What lines of the data include the string "inverse"? Copy them all.

------ Given records ------

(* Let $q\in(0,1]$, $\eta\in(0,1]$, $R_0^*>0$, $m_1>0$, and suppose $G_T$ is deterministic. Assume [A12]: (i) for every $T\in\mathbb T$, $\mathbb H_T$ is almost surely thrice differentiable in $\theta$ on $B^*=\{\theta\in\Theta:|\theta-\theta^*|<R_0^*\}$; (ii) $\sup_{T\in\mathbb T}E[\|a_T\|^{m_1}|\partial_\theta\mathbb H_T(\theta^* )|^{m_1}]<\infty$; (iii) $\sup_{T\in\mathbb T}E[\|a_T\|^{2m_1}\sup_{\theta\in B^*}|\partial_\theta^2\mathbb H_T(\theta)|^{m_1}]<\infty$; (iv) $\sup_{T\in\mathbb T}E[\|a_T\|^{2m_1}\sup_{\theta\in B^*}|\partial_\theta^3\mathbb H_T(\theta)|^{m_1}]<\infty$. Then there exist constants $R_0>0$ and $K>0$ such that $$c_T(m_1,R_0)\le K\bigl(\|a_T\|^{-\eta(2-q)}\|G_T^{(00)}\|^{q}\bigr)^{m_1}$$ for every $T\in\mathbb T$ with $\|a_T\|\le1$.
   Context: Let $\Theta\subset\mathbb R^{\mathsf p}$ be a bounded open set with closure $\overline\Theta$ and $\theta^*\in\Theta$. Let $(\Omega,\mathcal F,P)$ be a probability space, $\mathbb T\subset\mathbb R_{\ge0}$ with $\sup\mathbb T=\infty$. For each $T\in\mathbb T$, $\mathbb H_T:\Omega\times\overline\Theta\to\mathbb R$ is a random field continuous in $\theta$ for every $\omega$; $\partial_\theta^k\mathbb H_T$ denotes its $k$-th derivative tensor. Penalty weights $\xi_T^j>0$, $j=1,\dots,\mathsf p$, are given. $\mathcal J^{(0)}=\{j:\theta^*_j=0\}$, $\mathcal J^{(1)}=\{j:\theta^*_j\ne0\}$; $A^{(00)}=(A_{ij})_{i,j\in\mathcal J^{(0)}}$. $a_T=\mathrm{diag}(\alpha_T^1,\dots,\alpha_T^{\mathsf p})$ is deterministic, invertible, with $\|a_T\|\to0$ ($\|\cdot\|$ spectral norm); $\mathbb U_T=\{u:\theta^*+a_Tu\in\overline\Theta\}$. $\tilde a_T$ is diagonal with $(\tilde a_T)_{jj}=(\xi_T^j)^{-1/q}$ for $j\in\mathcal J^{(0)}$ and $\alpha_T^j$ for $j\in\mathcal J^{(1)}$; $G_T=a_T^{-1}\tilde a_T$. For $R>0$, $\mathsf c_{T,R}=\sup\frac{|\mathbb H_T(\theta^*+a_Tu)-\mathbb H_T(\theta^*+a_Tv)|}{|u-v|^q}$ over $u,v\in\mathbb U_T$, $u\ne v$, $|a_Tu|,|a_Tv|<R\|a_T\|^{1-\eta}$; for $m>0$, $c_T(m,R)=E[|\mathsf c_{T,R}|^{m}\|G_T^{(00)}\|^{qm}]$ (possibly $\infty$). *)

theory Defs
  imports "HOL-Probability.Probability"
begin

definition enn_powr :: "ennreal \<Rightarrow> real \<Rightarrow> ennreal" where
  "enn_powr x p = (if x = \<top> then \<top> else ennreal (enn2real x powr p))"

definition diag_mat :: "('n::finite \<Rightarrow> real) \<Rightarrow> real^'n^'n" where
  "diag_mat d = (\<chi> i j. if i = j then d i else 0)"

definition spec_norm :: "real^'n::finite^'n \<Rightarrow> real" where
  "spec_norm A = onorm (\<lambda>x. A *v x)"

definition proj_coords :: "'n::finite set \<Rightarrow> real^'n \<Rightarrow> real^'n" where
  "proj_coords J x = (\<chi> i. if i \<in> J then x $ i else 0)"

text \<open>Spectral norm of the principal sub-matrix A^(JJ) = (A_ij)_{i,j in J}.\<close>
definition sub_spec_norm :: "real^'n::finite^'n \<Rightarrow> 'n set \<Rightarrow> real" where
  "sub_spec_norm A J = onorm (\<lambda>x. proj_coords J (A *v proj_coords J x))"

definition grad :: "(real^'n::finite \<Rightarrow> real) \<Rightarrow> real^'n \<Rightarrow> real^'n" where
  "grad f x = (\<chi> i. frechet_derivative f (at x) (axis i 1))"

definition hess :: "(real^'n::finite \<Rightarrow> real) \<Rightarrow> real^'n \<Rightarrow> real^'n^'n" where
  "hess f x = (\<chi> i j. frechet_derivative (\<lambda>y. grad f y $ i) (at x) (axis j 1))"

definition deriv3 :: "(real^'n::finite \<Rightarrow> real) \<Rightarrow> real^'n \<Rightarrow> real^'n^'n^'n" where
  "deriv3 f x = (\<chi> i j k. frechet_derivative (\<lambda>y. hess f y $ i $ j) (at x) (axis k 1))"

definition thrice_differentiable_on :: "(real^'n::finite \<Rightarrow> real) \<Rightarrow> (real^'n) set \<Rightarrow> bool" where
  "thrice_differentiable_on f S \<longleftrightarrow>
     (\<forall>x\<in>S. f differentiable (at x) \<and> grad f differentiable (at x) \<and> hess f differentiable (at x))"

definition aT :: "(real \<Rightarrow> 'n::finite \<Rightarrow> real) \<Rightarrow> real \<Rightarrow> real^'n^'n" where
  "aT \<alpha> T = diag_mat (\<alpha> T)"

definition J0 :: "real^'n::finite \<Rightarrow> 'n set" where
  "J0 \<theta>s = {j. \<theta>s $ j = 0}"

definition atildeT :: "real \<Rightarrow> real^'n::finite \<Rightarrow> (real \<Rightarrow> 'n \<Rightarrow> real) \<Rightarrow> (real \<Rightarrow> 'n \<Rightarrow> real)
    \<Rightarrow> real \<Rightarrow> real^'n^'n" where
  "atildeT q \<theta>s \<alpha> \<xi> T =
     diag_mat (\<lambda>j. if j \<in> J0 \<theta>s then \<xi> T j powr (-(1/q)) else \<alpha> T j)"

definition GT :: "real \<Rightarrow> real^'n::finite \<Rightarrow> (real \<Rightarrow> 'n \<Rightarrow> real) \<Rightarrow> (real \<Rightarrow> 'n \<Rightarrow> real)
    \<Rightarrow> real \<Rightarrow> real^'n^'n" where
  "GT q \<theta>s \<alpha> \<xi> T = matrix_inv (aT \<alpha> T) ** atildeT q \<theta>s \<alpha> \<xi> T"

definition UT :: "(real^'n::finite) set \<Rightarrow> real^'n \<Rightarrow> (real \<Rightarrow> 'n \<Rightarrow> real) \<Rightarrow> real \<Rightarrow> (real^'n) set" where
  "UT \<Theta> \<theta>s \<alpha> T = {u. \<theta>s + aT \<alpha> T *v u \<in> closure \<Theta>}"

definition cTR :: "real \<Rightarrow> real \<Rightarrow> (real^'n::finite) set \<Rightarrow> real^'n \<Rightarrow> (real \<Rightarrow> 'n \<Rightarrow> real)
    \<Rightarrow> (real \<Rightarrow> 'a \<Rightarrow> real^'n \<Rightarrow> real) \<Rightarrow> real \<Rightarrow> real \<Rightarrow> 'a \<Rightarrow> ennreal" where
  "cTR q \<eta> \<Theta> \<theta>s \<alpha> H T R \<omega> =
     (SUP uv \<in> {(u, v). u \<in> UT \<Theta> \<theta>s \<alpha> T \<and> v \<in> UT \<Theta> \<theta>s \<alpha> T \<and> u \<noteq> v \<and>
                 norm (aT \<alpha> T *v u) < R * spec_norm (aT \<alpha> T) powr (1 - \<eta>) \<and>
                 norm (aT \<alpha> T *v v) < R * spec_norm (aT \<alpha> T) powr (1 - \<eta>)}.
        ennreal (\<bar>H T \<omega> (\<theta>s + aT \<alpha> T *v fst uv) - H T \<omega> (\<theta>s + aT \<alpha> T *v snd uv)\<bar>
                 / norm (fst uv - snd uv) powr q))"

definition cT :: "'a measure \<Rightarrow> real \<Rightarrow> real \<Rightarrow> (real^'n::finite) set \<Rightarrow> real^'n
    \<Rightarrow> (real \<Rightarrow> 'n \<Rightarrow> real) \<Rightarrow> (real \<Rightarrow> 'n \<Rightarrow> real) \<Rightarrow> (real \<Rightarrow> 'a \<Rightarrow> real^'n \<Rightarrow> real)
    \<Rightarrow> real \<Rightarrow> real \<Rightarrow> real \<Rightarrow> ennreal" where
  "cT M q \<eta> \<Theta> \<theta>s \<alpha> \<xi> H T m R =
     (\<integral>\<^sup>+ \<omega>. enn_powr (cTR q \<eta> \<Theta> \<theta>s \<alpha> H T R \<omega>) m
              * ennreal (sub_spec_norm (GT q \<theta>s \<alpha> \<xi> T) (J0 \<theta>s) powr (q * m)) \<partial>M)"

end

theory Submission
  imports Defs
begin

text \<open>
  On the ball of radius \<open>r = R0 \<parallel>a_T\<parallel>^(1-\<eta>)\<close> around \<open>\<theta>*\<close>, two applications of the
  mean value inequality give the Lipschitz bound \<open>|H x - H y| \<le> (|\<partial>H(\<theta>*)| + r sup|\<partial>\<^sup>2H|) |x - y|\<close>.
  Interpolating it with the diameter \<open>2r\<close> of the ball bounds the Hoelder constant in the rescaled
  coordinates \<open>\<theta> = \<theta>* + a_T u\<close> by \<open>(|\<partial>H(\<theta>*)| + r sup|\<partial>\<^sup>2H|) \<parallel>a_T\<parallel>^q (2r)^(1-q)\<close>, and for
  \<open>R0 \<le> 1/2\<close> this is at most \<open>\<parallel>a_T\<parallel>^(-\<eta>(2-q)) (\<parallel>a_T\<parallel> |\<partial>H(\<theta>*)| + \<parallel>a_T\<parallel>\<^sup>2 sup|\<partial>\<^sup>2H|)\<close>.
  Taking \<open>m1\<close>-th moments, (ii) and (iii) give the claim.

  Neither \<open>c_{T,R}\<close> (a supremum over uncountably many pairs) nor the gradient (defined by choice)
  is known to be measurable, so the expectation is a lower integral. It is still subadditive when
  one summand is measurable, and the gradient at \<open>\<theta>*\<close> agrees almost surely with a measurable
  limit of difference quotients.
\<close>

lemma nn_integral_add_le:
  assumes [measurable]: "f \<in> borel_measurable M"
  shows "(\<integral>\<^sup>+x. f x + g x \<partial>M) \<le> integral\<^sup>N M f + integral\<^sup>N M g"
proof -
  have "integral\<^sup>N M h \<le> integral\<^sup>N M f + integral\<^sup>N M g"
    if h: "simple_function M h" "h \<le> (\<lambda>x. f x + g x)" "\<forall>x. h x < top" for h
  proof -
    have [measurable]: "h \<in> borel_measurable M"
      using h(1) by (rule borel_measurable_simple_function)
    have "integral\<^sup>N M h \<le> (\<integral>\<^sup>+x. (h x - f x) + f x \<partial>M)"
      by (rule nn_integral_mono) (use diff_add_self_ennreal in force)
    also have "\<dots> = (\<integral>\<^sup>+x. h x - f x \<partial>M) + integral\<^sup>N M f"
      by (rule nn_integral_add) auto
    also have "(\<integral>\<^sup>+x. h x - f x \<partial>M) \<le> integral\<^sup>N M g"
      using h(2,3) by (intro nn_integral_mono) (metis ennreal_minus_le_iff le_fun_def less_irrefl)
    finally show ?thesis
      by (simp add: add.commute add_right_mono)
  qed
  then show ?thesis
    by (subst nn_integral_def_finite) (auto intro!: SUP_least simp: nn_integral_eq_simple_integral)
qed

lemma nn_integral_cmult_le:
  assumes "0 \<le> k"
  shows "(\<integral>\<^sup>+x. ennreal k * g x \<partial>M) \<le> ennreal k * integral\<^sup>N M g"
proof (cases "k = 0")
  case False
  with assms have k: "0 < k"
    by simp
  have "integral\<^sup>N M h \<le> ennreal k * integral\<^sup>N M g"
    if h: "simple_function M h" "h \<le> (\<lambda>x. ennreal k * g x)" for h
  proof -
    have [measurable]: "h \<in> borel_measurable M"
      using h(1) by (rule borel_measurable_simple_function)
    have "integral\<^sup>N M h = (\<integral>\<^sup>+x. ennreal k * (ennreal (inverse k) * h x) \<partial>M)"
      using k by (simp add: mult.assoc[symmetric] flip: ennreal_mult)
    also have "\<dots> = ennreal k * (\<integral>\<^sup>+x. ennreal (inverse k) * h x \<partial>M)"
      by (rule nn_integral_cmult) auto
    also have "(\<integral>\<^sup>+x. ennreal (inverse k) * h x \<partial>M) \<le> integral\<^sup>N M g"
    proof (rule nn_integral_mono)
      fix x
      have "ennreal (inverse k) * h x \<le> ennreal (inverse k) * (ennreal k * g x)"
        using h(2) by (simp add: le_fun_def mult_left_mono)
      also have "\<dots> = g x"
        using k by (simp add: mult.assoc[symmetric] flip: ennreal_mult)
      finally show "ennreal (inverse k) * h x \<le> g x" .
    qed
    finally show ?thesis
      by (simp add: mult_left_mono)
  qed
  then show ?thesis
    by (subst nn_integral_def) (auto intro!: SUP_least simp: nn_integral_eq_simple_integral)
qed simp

------

> [Result of this task]
    have "integral\<^sup>N M h = (\<integral>\<^sup>+x. ennreal k * (ennreal (inverse k) * h x) \<partial>M)"
    also have "\<dots> = ennreal k * (\<integral>\<^sup>+x. ennreal (inverse k) * h x \<partial>M)"
    also have "(\<integral>\<^sup>+x. ennreal (inverse k) * h x \<partial>M) \<le> integral\<^sup>N M g"
      have "ennreal (inverse k) * h x \<le> ennreal (inverse k) * (ennreal k * g x)"
      finally show "ennreal (inverse k) * h x \<le> g x" .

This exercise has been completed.